Dickens With A Difference At Trafalgar Studios

By Londonist Last edited 111 months ago
Dickens With A Difference At Trafalgar Studios ★★★☆☆ 3
© Richard Davenport
© Richard Davenport
Linda Marlowe as Miss Havisham
sikes-nancy-courtesy-edward-quekett-_1826.jpg

Londonist Rating: ★★★☆☆

Dickens at Christmas: how drearily predictable, you might think. But not in this instance. Trafalgar Studios has chosen to shun the well-flogged redemption of Ebenezer Scrooge this holiday season, in favour of two contrasting and marginally complementary productions that draw on the writer’s more tragic and troubling narratives.

Dickens With A Difference is a double bill comprising Miss Havisham’s Expectations, by Di Sherlock, and James Swanton’s adaptation of Dickens’s own Sikes & Nancy. Both are solo performer pieces, and both take us on sinister and distinctly un-Christmassy journeys into Dickens’s darkest corners.

The former is an interesting if uneven extension of Great Expectations, in which Miss Havisham is extracted from the book and given centre-stage to present the story from her point of view, while having a fair few pops at Dickens himself. The jilted, bitter manipulator of the novel is present, but so is a far more fun narrator figure, with a sardonic wit and a peculiar penchant for half-baked magic tricks.

The conceit sometimes goes too far and at times is just a bit silly. But the hour passes quickly in the capable hands of Linda Marlowe. The EastEnders actress is both exciting and surprisingly funny in the role, matching the dangerous unpredictability in her wild eyes with sarcastic asides and an easy, conversational style. If nothing else, her deranged can-can is worth the ticket price alone.

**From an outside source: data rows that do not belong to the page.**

text \<open>
  The numerator of f(m) = f(m,s,q) is a Rogers-Szego polynomial in base q^2; its three-term
  recurrence gives f(m+1) (1 + q^(m+1)) = (1 + s) f(m) - s (1 - q^m) f(m-1).
  Let L be the linear functional x^m \<mapsto> f(m). For monic polynomials N_k, M_l of degrees k, l
  the Hankel determinant equals det (L(N_k M_l)), as the coefficient matrices are unitriangular.
  With N_k = \<Prod>_{i<k} (x - q^i) and M_l = \<Prod>_{i<l} (x - s q^i) the recurrence yields the closed
  form L(N_k M_l) = \<alpha>_k \<beta>_l q^(kl) / (-q;q)_(k+l), where \<alpha>_k = \<Prod>_{i<k} (s - q^(2i+1)) and
  \<beta>_l = \<Prod>_{i<l} (1 - s q^(2i+1)). After removing the factors \<alpha>_k / (-q;q)_(k+n) from the rows and
  \<beta>_l from the columns, the matrix is the evaluation of the polynomials
  x^l \<Prod>_{l<i\<le>n} (1 + q^i x) at the points q^k, whose determinant is the Vandermonde
  determinant of q^0, ..., q^n.
\<close>

lemma prod_lessThan_add: "(\<Prod>i<a + b. h i) = (\<Prod>i<a. h i) * (\<Prod>i<b. h (a + i))"
  for h :: "nat \<Rightarrow> 'a::comm_monoid_mult"
  by (induction b) (simp_all add: mult.assoc)

lemma prod_uminus_lessThan: "(\<Prod>i<j. - x i) = (-1) ^ j * (\<Prod>i<j. x i)"
  for x :: "nat \<Rightarrow> 'a::comm_ring_1"
  by (induction j) simp_all

lemma sum_odd_lessThan: "(\<Sum>i<j. 2 * i + 1) = j * (j :: nat)"
  by (induction j) simp_all

lemma qpoch_0 [simp]: "qpoch x q 0 = 1"
  by (simp add: qpoch_def)

lemma qpoch_Suc: "qpoch x q (Suc n) = qpoch x q n * (1 - q ^ n * x)"
  by (simp add: qpoch_def)

lemma qpoch_neg_Suc: "qpoch (- q) q (Suc n) = qpoch (- q) q n * (1 + q ^ Suc n)"
  by (simp add: qpoch_Suc mult.commute)

lemma qpoch_neg_split:
  fixes q :: "'a::comm_ring_1"
  shows "l \<le> n \<Longrightarrow> qpoch (- q) q (k + n) = qpoch (- q) q (k + l) * (\<Prod>i\<in>{Suc l..n}. 1 + q ^ i * q ^ k)"
proof (induction n)
  case (Suc n)
  then show ?case
    by (cases "l = Suc n") (simp_all add: qpoch_Suc power_add ac_simps)
qed simp

lemma prod_power_diff:
  fixes q :: "'a::comm_ring_1"
  shows "(\<Prod>i<k. q ^ k - q ^ i) = (-1) ^ k * q ^ (\<Sum>i<k. i) * qpoch q q k"
proof -
  have "(\<Prod>i<k. q ^ k - q ^ i) = (\<Prod>i<k. - (q ^ i * (1 - q ^ (k - i))))"
    by (intro prod.cong refl) (simp add: algebra_simps power_add[symmetric])
  also have "(\<Prod>i<k. 1 - q ^ (k - i)) = (\<Prod>i<k. 1 - q ^ Suc i)"
    using prod.nat_diff_reindex[of "\<lambda>i. 1 - q ^ Suc i" k] by (simp add: Suc_diff_Suc)
  then have "(\<Prod>i<k. - (q ^ i * (1 - q ^ (k - i)))) = (-1) ^ k * (\<Prod>i<k. q ^ i) * qpoch q q k"
    by (simp add: prod_uminus_lessThan prod.distrib qpoch_def mult.commute)
  finally show ?thesis
    by (simp add: power_sum)
qed

section \<open>Gaussian binomials and Rogers-Szego polynomials\<close>

lemma gauss_binom_eq_0: "m < j \<Longrightarrow> gauss_binom m j q = 0"
  by (simp add: gauss_binom_def)

definition rogers_szego :: "nat \<Rightarrow> 'a::field \<Rightarrow> 'a \<Rightarrow> 'a" where
  "rogers_szego m s q = (\<Sum>j=0..m. s ^ j * gauss_binom m j q)"

lemma rogers_szego_eq_sum_lessThan:
  "m < K \<Longrightarrow> rogers_szego m s q = (\<Sum>j<K. s ^ j * gauss_binom m j q)"
  unfolding rogers_szego_def
  by (rule sum.mono_neutral_left) (auto simp: gauss_binom_eq_0)

locale not_root_of_unity =
  fixes q :: "'a::field"
  assumes power_ne_one: "k \<ge> 1 \<Longrightarrow> q ^ k \<noteq> 1"
begin

lemma power_not_root_of_unity: "m \<ge> 1 \<Longrightarrow> not_root_of_unity (q ^ m)"
  by unfold_locales (simp add: power_mult[symmetric] power_ne_one)

lemma one_minus_power_nonzero: "k \<ge> 1 \<Longrightarrow> 1 - q ^ k \<noteq> 0"
  using power_ne_one by simp

lemma one_plus_power_nonzero: "k \<ge> 1 \<Longrightarrow> 1 + q ^ k \<noteq> 0"
proof
  assume "k \<ge> 1" "1 + q ^ k = 0"
  then have "q ^ k = -1"
    by (simp add: eq_neg_iff_add_eq_0 add.commute)
  then have "q ^ (2 * k) = 1"
    using power_mult[of q k 2] by (simp add: mult.commute)
  with \<open>k \<ge> 1\<close> power_ne_one[of "2 * k"] show False
    by simp
qed

lemma qpoch_self_nonzero: "qpoch q q n \<noteq> 0"
  using one_minus_power_nonzero[of "Suc _"]
  by (auto simp: qpoch_def mult.commute)

lemma qpoch_neg_self_nonzero: "qpoch (- q) q n \<noteq> 0"
  using one_plus_power_nonzero[of "Suc _"]
  by (auto simp: qpoch_def mult.commute)

lemma gauss_binom_0 [simp]: "gauss_binom m 0 q = 1"
  using qpoch_self_nonzero by (simp add: gauss_binom_def)

lemma gauss_binom_self [simp]: "gauss_binom m m q = 1"
  using qpoch_self_nonzero by (simp add: gauss_binom_def)

lemma gauss_binom_Suc_Suc:
  "gauss_binom (Suc m) (Suc j) q = gauss_binom m j q + q ^ Suc j * gauss_binom m (Suc j) q"
proof (cases "j < m")
  case True
  define a where "a = qpoch q q m"
  define b where "b = qpoch q q j"
  define d where "d = qpoch q q (m - Suc j)"
  define X where "X = q ^ j"
  define Y where "Y = q ^ (m - Suc j)"
  have "m = j + 1 + (m - Suc j)"
    using True by simp
  then have qm: "q ^ m = X * q * Y"
    unfolding X_def Y_def by (metis power_add power_one_right)
  have mj: "m - j = Suc (m - Suc j)"
    using True by simp
  have nz: "a \<noteq> 0" "b \<noteq> 0" "d \<noteq> 0" "1 - X * q \<noteq> 0" "1 - Y * q \<noteq> 0"
    using qpoch_self_nonzero one_minus_power_nonzero[of "Suc j"]
      one_minus_power_nonzero[of "Suc (m - Suc j)"]
    by (auto simp: a_def b_def d_def X_def Y_def mult.commute)
  have "gauss_binom (Suc m) (Suc j) q
      = a * (1 - X * q * Y * q) / (b * (1 - X * q) * (d * (1 - Y * q)))"
    using True by (simp add: gauss_binom_def qpoch_Suc qm mj a_def b_def d_def X_def Y_def)
  also have "\<dots> = a / (b * (d * (1 - Y * q))) + X * q * (a / (b * (1 - X * q) * d))"
    using nz by (simp add: divide_simps) (simp add: algebra_simps)
  also have "\<dots> = gauss_binom m j q + q ^ Suc j * gauss_binom m (Suc j) q"
    using True by (simp add: gauss_binom_def qpoch_Suc mj a_def b_def d_def X_def Y_def mult.commute)
  finally show ?thesis .
next
  case False
  then show ?thesis
    by (cases "j = m") (simp_all add: gauss_binom_eq_0)
qed

lemma gauss_binom_absorb:
  "(1 - q ^ Suc m) * gauss_binom m j q = (1 - q ^ Suc j) * gauss_binom (Suc m) (Suc j) q"
proof (cases "j \<le> m")
  case True
  have nz: "qpoch q q j \<noteq> 0" "qpoch q q (m - j) \<noteq> 0" "1 - q * q ^ j \<noteq> 0"
    using qpoch_self_nonzero one_minus_power_nonzero[of "Suc j"] by auto
  show ?thesis
    using True nz by (simp add: gauss_binom_def qpoch_Suc Suc_diff_le divide_simps mult.commute)
next
  case False
  then show ?thesis
    by (simp add: gauss_binom_eq_0)
qed

lemma rogers_szego_Suc_Suc:
  "rogers_szego (Suc (Suc m)) s q
     = (1 + s) * rogers_szego (Suc m) s q - s * (1 - q ^ Suc m) * rogers_szego m s q"
proof -
  let ?g = "\<lambda>m j. gauss_binom m j q"
  define S where "S = (\<Sum>j<Suc (Suc m). s ^ Suc j * ?g (Suc m) (Suc j))"
  have three_term: "?g (Suc (Suc m)) (Suc j) = ?g (Suc m) j + ?g (Suc m) (Suc j) - (1 - q ^ Suc m) * ?g m j"
    for j using gauss_binom_Suc_Suc[of "Suc m" j] gauss_binom_absorb[of m j]
    by (simp add: algebra_simps)
  have shift: "rogers_szego (Suc k) s q = 1 + (\<Sum>j<Suc k. s ^ Suc j * ?g (Suc k) (Suc j))" for k
  proof -
    have "rogers_szego (Suc k) s q = (\<Sum>j<Suc (Suc k). s ^ j * ?g (Suc k) j)"
      by (rule rogers_szego_eq_sum_lessThan) simp
    then show ?thesis
      by (subst (asm) sum.lessThan_Suc_shift) simp
  qed
  have "rogers_szego (Suc (Suc m)) s q
      = 1 + (\<Sum>j<Suc (Suc m). s ^ Suc j * ?g (Suc (Suc m)) (Suc j))"
    by (rule shift)
  also have "\<dots> = 1 + (s * (\<Sum>j<Suc (Suc m). s ^ j * ?g (Suc m) j) + S
                   - s * (1 - q ^ Suc m) * (\<Sum>j<Suc (Suc m). s ^ j * ?g m j))"
    unfolding S_def three_term
    by (simp only: sum_distrib_left sum.distrib sum_subtractf algebra_simps power_Suc)
  also have "(\<Sum>j<Suc (Suc m). s ^ j * ?g (Suc m) j) = rogers_szego (Suc m) s q"
    by (rule rogers_szego_eq_sum_lessThan[symmetric]) simp
  also have "(\<Sum>j<Suc (Suc m). s ^ j * ?g m j) = rogers_szego m s q"
    by (rule rogers_szego_eq_sum_lessThan[symmetric]) simp
  also have "S = rogers_szego (Suc m) s q - 1"
    unfolding S_def shift[of m] by (simp add: gauss_binom_eq_0)
  finally show ?thesis
    by (simp add: algebra_simps)
qed

end

section \<open>Moment functionals\<close>

definition moment :: "(nat \<Rightarrow> 'a::comm_ring_1) \<Rightarrow> 'a poly \<Rightarrow> 'a" where
  "moment \<mu> p = (\<Sum>m\<le>degree p. coeff p m * \<mu> m)"

lemma moment_eq_sum_lessThan:
  "degree p < K \<Longrightarrow> moment \<mu> p = (\<Sum>m<K. coeff p m * \<mu> m)"
  unfolding moment_def by (rule sum.mono_neutral_left) (auto simp: coeff_eq_0)

lemma moment_0 [simp]: "moment \<mu> 0 = 0"
  by (simp add: moment_def)

lemma moment_1 [simp]: "moment \<mu> 1 = \<mu> 0"
  by (simp add: moment_def)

Sikes & Nancy is an altogether different piece. Whereas Miss Havisham’s Expectations is definitely Dickens with a difference, the second half of the double bill is just plain old Dickens. Except it’s anything but plain.

Just as the writer himself did for his famous readings, James Swanton has adapted the chapters from Oliver Twist that tell of Nancy’s betrayal and her brutal murder by Sikes, and turned them into a self-contained story — one that he brings to life with incredible gusto and physicality.

The spindly actor bounds around the small stage, jumping from character to character in the blink of an eye, with an absurdly expressive face and an incredible voice that could lull you into a velvety sleep one minute and send shivers up your spine the next.

It’s all very fluid and impressively rehearsed, but the histrionics go a little too far and become quite distracting at points. If you can imagine Jim Carrey performing all the roles, you wouldn’t be too far off. Swanton certainly brings the story to life, but with each exaggerated performance strays dangerously close to caricature. Fagin, for example, sounds more like the Wicked Witch of the West than a predatory crook from the Victorian slums.

Nevertheless, it’s a pretty compelling — and unflinchingly bloody — piece of storytelling. And, unlike Miss Havisham’s Expectations, it doesn’t require any prior Dickens knowledge from its audience. Neither play is likely to find much appeal beyond the writer’s fan-base, but at least they offer some small counterweight to all the cheer and merriment on offer elsewhere. Bah humbug indeed.

By Dan Frost

Charles Dickens double bill, Miss Havisham's Expectations and Sikes & Nancy runs at Trafalgar Studios 2, 14 Whitehall, SW1A 2DY until 3 January 2015. Tickets are £30-£15, available from Trafalgar Studios. Londonist saw this show on a complimentary press ticket.